» **Data provided**
theorem theorem2:
  fixes X V :: "'u::banach set" and nX nV :: "'u \<Rightarrow> real"
    and D :: "'u set" and F :: "'u \<Rightarrow> 'y::banach" and y :: 'y and xdag :: 'u
    and \<nu> m \<delta>max CDP cU CU t0 a \<theta> E :: real
    and XS :: "real \<Rightarrow> 'u set" and NS :: "real \<Rightarrow> 'u \<Rightarrow> real"
    and P :: "real \<Rightarrow> 'u \<Rightarrow> 'u"
  assumes
    \<comment> \<open>standing assumptions\<close>
    X_banach: "banach_sub X nX"
    and V_banach: "banach_sub V nV"
    and F_wsc: "weakly_seq_cont X nX D F"
    and D_closed: "closed_in_norm X nX D"
    and D_convex: "convex D"
    and xdag_unique: "xdag \<in> D" "F xdag = y" "\<And>x. x \<in> D \<Longrightarrow> F x = y \<Longrightarrow> x = xdag"
    and V_embed: "cont_embed V nV X nX"
    and V_strictly_finer: "\<not> (\<exists>c. \<forall>x\<in>V. nV x \<le> c * nX x)"
    and V_precompact: "\<And>c (xs :: nat \<Rightarrow> 'u). (\<forall>k. xs k \<in> V \<and> nV (xs k) powr m \<le> c) \<Longrightarrow>
         \<exists>g x. strict_mono g \<and> x \<in> X \<and> weak_conv X nX (xs \<circ> g) x"
    and \<nu>_ge: "\<nu> \<ge> 1" and m_ge: "m \<ge> 1" and \<delta>max_pos: "\<delta>max > 0" and CDP_gt: "CDP > 1"
    and DP_exists: "\<And>\<delta> yd. \<delta> \<in> {0<..\<delta>max} \<Longrightarrow> norm (yd - y) \<le> \<delta> \<Longrightarrow>
         \<exists>\<kappa> x. \<kappa> > 0 \<and> is_tik_minimizer F D V nV \<nu> m yd \<kappa> x \<and> norm (F x - yd) = CDP * \<delta>"
    \<comment> \<open>(A1)\<close>
    and A1_U: "X \<noteq> UNIV"
    and A1_const: "0 < cU" "cU \<le> CU"
    and A1_stab: "\<And>x. x \<in> D \<Longrightarrow> cU * norm (x - xdag) \<le> norm (F x - F xdag)
                                  \<and> norm (F x - F xdag) \<le> CU * norm (x - xdag)"
    and A1_cont: "\<exists>B. (\<exists>W. open_in_norm X nX W \<and> xdag \<in> W \<and> W \<subseteq> B) \<and> B \<subseteq> X
                     \<and> cont_on_norm nX (B \<inter> D) F"
    \<comment> \<open>(A2)\<close>
    and t0_pos: "t0 > 0"
    and P_bounded: "\<And>t. t \<in> {0<..t0} \<Longrightarrow> bounded_linear (P t)"
    and A2_i: "cont_embed X nX UNIV norm"
    and A2_ii_banach: "\<And>s. s \<in> {0..1} \<Longrightarrow> banach_sub (XS s) (NS s)"
    and A2_ii_0: "XS 0 = X" "\<And>x. x \<in> X \<Longrightarrow> NS 0 x = nX x"
    and A2_ii_1: "XS 1 = V" "\<And>x. x \<in> V \<Longrightarrow> NS 1 x = nV x"
    and A2_ii_embed: "\<And>s t. 0 \<le> t \<Longrightarrow> t \<le> s \<Longrightarrow> s \<le> 1 \<Longrightarrow> cont_embed (XS s) (NS s) (XS t) (NS t)"
    and a_nonneg: "a \<ge> 0"
    and A2_iii: "\<And>s r. s \<in> {0<..1} \<Longrightarrow> r \<in> {0..<s} \<Longrightarrow>
         \<exists>L>0. \<forall>x\<in>XS s. NS r x \<le> L * NS s x powr ((r + a) / (a + s)) * norm x powr ((s - r) / (a + s))"
    and A2_iv_inv: "\<And>s t. s \<in> {0..1} \<Longrightarrow> t \<in> {0<..t0} \<Longrightarrow> P t ` XS s \<subseteq> XS s"
    and A2_iv_bdd: "\<And>s. s \<in> {0..1} \<Longrightarrow>
         bdd_above {NS s (P t x) | t x. t \<in> {0<..t0} \<and> x \<in> XS s \<and> NS s x \<le> 1}"
    and A2_iv_cont: "\<And>x t. x \<in> X \<Longrightarrow> t \<in> {0<..t0} \<Longrightarrow>
         ((\<lambda>\<tau>. nX (P \<tau> x - P t x)) \<longlongrightarrow> 0) (at t within {0<..t0})"
    and A2_v: "\<And>s. s \<in> {0<..<1} \<Longrightarrow>
         \<exists>CProj \<ge> CP_const XS NS P t0 s + 1. \<forall>t\<in>{0<..t0}. \<forall>x\<in>XS s.
            norm (P t x - x) \<le> CProj * t powr (a + s) * NS s x
            \<and> P t x \<in> V \<and> nV (P t x) \<le> CProj * t powr (s - 1) * NS s x"
    \<comment> \<open>(A3)\<close>
    and A3_theta: "\<theta> \<in> {0<..<1}" and E_pos: "E > 0"
    and A3_src: "xdag \<in> XS \<theta>" "NS \<theta> xdag \<le> E"
    and A3_dom: "interior_pt X nX D xdag \<or> (\<forall>t\<in>{0<..t0}. P t xdag \<in> D)"
  shows "\<exists>c>0. \<exists>\<delta>0>0. \<forall>\<delta> yd \<kappa> x. \<delta> \<in> {0<..min \<delta>0 \<delta>max} \<and> norm (yd - y) \<le> \<delta> \<and> \<kappa> > 0
            \<and> is_tik_minimizer F D V nV \<nu> m yd \<kappa> x \<and> norm (F x - yd) = CDP * \<delta>
            \<longrightarrow> nX (x - xdag) \<le> c * \<delta> powr (\<theta> / (a + \<theta>))"
proof -
  have \<theta>: "0 < \<theta>" "\<theta> \<in> {0..1}" using A3_theta by auto
  have "V \<subseteq> X" using V_embed unfolding cont_embed_def by blast
  have "XS \<theta> \<subseteq> X" using A2_ii_embed[of 0 \<theta>] \<theta> A2_ii_0(1) unfolding cont_embed_def by simp
  have "xdag \<in> X" using D_closed xdag_unique(1) unfolding closed_in_norm_def by blast
  have "\<exists>L>0. \<forall>w\<in>XS \<theta>. nX w \<le> L * NS \<theta> w powr (a / (a + \<theta>)) * norm w powr (\<theta> / (a + \<theta>))"
    using A2_iii[of \<theta> 0] \<theta> A2_ii_0(2) \<open>XS \<theta> \<subseteq> X\<close> by fastforce
  then obtain B Cz where "0 < B" "0 \<le> Cz" and approximants: "\<And>t. t \<in> {0<..t0} \<Longrightarrow>
      P t xdag \<in> V \<and> nV (P t xdag) \<le> B * t powr (\<theta> - 1)
      \<and> norm (P t xdag - xdag) \<le> B * t powr (a + \<theta>) \<and> nX (P t xdag - xdag) \<le> Cz * t powr \<theta>"
    using source_approximants[where P = P, OF \<theta>(1) a_nonneg t0_pos E_pos A2_ii_banach[OF \<theta>(2)]
        bounded_linear.linear[OF P_bounded] A2_iv_inv[OF \<theta>(2)] A2_iv_bdd[OF \<theta>(2)] _
        A2_v[OF A3_theta] A3_src]
    by blast
  have "\<And>t. t \<in> {0<..t0} \<Longrightarrow> P t xdag \<in> X \<and> nX (P t xdag - xdag) \<le> Cz * t powr \<theta>"
    using approximants \<open>V \<subseteq> X\<close> by blast
  then obtain t1 where t1: "0 < t1" "t1 \<le> t0" "\<And>t. t \<in> {0<..t1} \<Longrightarrow> P t xdag \<in> D"
    using approximants_in_domain[where P = P, OF A3_dom t0_pos \<theta>(1) \<open>0 \<le> Cz\<close>] by blast
  obtain L1 where L1: "0 < L1"
    "\<And>w. w \<in> V \<Longrightarrow> nX w \<le> L1 * nV w powr (a / (a + 1)) * norm w powr (1 / (a + 1))"
    using A2_iii[of 1 0] A2_ii_1 A2_ii_0(2) \<open>V \<subseteq> X\<close> by fastforce
  have pos: "0 < CU" "0 \<le> \<nu>" "0 < m" using A1_const \<nu>_ge m_ge by simp_all
  obtain c \<delta>0 where "0 < c" "0 < \<delta>0" and rate: "\<forall>\<delta> yd \<kappa> x. \<delta> \<in> {0<..\<delta>0}
      \<and> norm (yd - F xdag) \<le> \<delta> \<and> \<kappa> > 0 \<and> is_tik_minimizer F D V nV \<nu> m yd \<kappa> x
      \<and> norm (F x - yd) = CDP * \<delta> \<longrightarrow> nX (x - xdag) \<le> c * \<delta> powr (\<theta> / (a + \<theta>))"
    using tik_discrepancy_rate[where F = F and z = "\<lambda>t. P t xdag", OF X_banach V_banach
        \<open>V \<subseteq> X\<close> \<open>xdag \<in> X\<close> L1(2) A1_stab A1_const(1) pos(1) CDP_gt a_nonneg \<theta>(1)
        L1(1) pos(2,3) \<open>0 < B\<close> \<open>0 \<le> Cz\<close> t1 approximants]
    by blast
  have "nX (x - xdag) \<le> c * \<delta> powr (\<theta> / (a + \<theta>))"
    if "\<delta> \<in> {0<..min \<delta>0 \<delta>max} \<and> norm (yd - y) \<le> \<delta> \<and> \<kappa> > 0
      \<and> is_tik_minimizer F D V nV \<nu> m yd \<kappa> x \<and> norm (F x - yd) = CDP * \<delta>" for \<delta> yd \<kappa> x
    using that xdag_unique(2) by (intro rate[rule_format, of \<delta> yd \<kappa> x]) simp
  then show ?thesis using \<open>0 < c\<close> \<open>0 < \<delta>0\<close> by blast
qed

» **Exercise details**
Check each line above for the string "powr", then copy the ones that have it.

» **The answer**
    and V_precompact: "\<And>c (xs :: nat \<Rightarrow> 'u). (\<forall>k. xs k \<in> V \<and> nV (xs k) powr m \<le> c) \<Longrightarrow>
         \<exists>L>0. \<forall>x\<in>XS s. NS r x \<le> L * NS s x powr ((r + a) / (a + s)) * norm x powr ((s - r) / (a + s))"
            norm (P t x - x) \<le> CProj * t powr (a + s) * NS s x
            \<and> P t x \<in> V \<and> nV (P t x) \<le> CProj * t powr (s - 1) * NS s x"
            \<longrightarrow> nX (x - xdag) \<le> c * \<delta> powr (\<theta> / (a + \<theta>))"
  have "\<exists>L>0. \<forall>w\<in>XS \<theta>. nX w \<le> L * NS \<theta> w powr (a / (a + \<theta>)) * norm w powr (\<theta> / (a + \<theta>))"
      P t xdag \<in> V \<and> nV (P t xdag) \<le> B * t powr (\<theta> - 1)
      \<and> norm (P t xdag - xdag) \<le> B * t powr (a + \<theta>) \<and> nX (P t xdag - xdag) \<le> Cz * t powr \<theta>"
  have "\<And>t. t \<in> {0<..t0} \<Longrightarrow> P t xdag \<in> X \<and> nX (P t xdag - xdag) \<le> Cz * t powr \<theta>"
    "\<And>w. w \<in> V \<Longrightarrow> nX w \<le> L1 * nV w powr (a / (a + 1)) * norm w powr (1 / (a + 1))"
      \<and> norm (F x - yd) = CDP * \<delta> \<longrightarrow> nX (x - xdag) \<le> c * \<delta> powr (\<theta> / (a + \<theta>))"
  have "nX (x - xdag) \<le> c * \<delta> powr (\<theta> / (a + \<theta>))"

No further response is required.